**Instructions to follow:** Say how many lines in the entries hold the word "blast", and reply with that number only.

Stored items
lemma speed_bounded_below:
  obtains m where "0 < m" "\<And>t. t \<in> {a..c} \<Longrightarrow> m \<le> norm (\<gamma>' t)"
proof (cases "a \<le> c")
  case True
  then obtain t0 where "t0 \<in> {a..c}" "\<And>t. t \<in> {a..c} \<Longrightarrow> norm (\<gamma>' t0) \<le> norm (\<gamma>' t)"
    using continuous_attains_inf[OF compact_Icc _ continuous_on_norm[OF continuous_derivative]] by auto
  then show ?thesis
    using regular[of t0] by (intro that[of "norm (\<gamma>' t0)"]) auto
qed (use that[of 1] in auto)

lemma lipschitz_unit_tangent:
  assumes "L-lipschitz_on {a..c} \<gamma>'"
  obtains K where "K-lipschitz_on {a..c} (unit_tangent \<gamma>)"
proof -
  obtain m where m: "0 < m" "\<And>t. t \<in> {a..c} \<Longrightarrow> m \<le> norm (\<gamma>' t)"
    using speed_bounded_below by blast
  have "(2 * L / m)-lipschitz_on {a..c} (unit_tangent \<gamma>)"
  proof (rule lipschitz_onI)
    fix s t assume st: "s \<in> {a..c}" "t \<in> {a..c}"
    have "dist (unit_tangent \<gamma> s) (unit_tangent \<gamma> t) \<le> 2 * norm (\<gamma>' s - \<gamma>' t) / norm (\<gamma>' s)"
      unfolding unit_tangent_def dist_norm using st regular by (intro norm_sgn_diff_le) auto
    also have "\<dots> \<le> 2 * (L * dist s t) / m"
      using lipschitz_onD[OF assms st] lipschitz_on_nonneg[OF assms] st m regular
      by (intro frac_le) (auto simp: dist_norm)
    finally show "dist (unit_tangent \<gamma> s) (unit_tangent \<gamma> t) \<le> 2 * L / m * dist s t"
      by simp
  qed (use lipschitz_on_nonneg[OF assms] m in simp)
  then show ?thesis ..
qed

lemma continuous_on_varifold_integrand:
  "continuous_on ({a..c} \<times> {a..c}) (\<lambda>(s, t). varifold_integrand sx st \<gamma> \<gamma> s t)"
proof -
  have fst: "continuous_on ({a..c} \<times> {a..c}) (\<lambda>p. f (fst p))" if "continuous_on {a..c} f"
    for f :: "real \<Rightarrow> 'b::topological_space"
    by (rule continuous_on_compose2[OF that continuous_on_fst[OF continuous_on_id]]) auto
  have snd: "continuous_on ({a..c} \<times> {a..c}) (\<lambda>p. f (snd p))" if "continuous_on {a..c} f"
    for f :: "real \<Rightarrow> 'b::topological_space"
    by (rule continuous_on_compose2[OF that continuous_on_snd[OF continuous_on_id]]) auto
  show ?thesis
    unfolding varifold_integrand_def case_prod_beta divide_inverse
    by (intro continuous_intros fst snd continuous continuous_derivative continuous_unit_tangent)
qed

lemma varifold_inner_nonneg:
  assumes "{p..q} \<subseteq> {a..c}" "{r..w} \<subseteq> {a..c}"
  shows "0 \<le> varifold_inner sx st \<gamma> p q \<gamma> r w"
  unfolding varifold_inner_eq_iterated_integral
  using assms by (intro iterated_integral_nonneg varifold_integrand_nonneg
      continuous_on_subset[OF continuous_on_varifold_integrand]) auto

lemma varifold_inner_adjacent_arcs_le:
  assumes "a < b" "b < c" and inj: "inj_on \<gamma> {a..c}"
  obtains C where "\<And>sx st. 0 < sx \<Longrightarrow> varifold_inner sx st \<gamma> a b \<gamma> b c \<le> C * sx\<^sup>2"
proof -
  obtain M where M: "0 \<le> M" "\<And>t. t \<in> {a..c} \<Longrightarrow> norm (\<gamma>' t) \<le> M"
    using speed_bounded by blast
  obtain m where m: "0 < m" "\<And>s t. s \<in> {a..b} \<Longrightarrow> t \<in> {b..c} \<Longrightarrow> m * (t - s) \<le> norm (\<gamma> t - \<gamma> s)"
    using chord_ge_across_regular_point[OF assms(1,2) has_vector_derivative continuous_derivative _ inj]
      regular assms(1,2) by auto
  have "varifold_inner sx st \<gamma> a b \<gamma> b c \<le> exp 1 * M\<^sup>2 / (2 * m / sx)\<^sup>2" if "0 < sx" for sx st
    unfolding varifold_inner_eq_iterated_integral
  proof (rule iterated_integral_le_exp_decay)
    show "continuous_on ({a..b} \<times> {b..c}) (\<lambda>(s, t). varifold_integrand sx st \<gamma> \<gamma> s t)"
      using assms(1,2) by (intro continuous_on_subset[OF continuous_on_varifold_integrand]) auto
    show "varifold_integrand sx st \<gamma> \<gamma> s t \<le> exp 1 * M\<^sup>2 * exp (- (2 * m / sx) * (t - s))"
      if "s \<in> {a..b}" "t \<in> {b..c}" for s t
    proof -
      have "varifold_integrand sx st \<gamma> \<gamma> s t \<le> exp 1 * exp (- 2 * (m * (t - s)) / sx) * M\<^sup>2"
        using that M m \<open>0 < sx\<close> by (intro varifold_integrand_le) (auto simp: norm_minus_commute)
      moreover have "- 2 * (m * (t - s)) / sx = - (2 * m / sx) * (t - s)"
        by simp
      ultimately show ?thesis
        by (simp only: mult_ac)
    qed
  qed (use assms(1,2) m(1) \<open>0 < sx\<close> in auto)
  then show ?thesis
    using that[of "exp 1 * M\<^sup>2 / (2 * m)\<^sup>2"] by (simp add: power_divide)
qed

**Task solution:** 2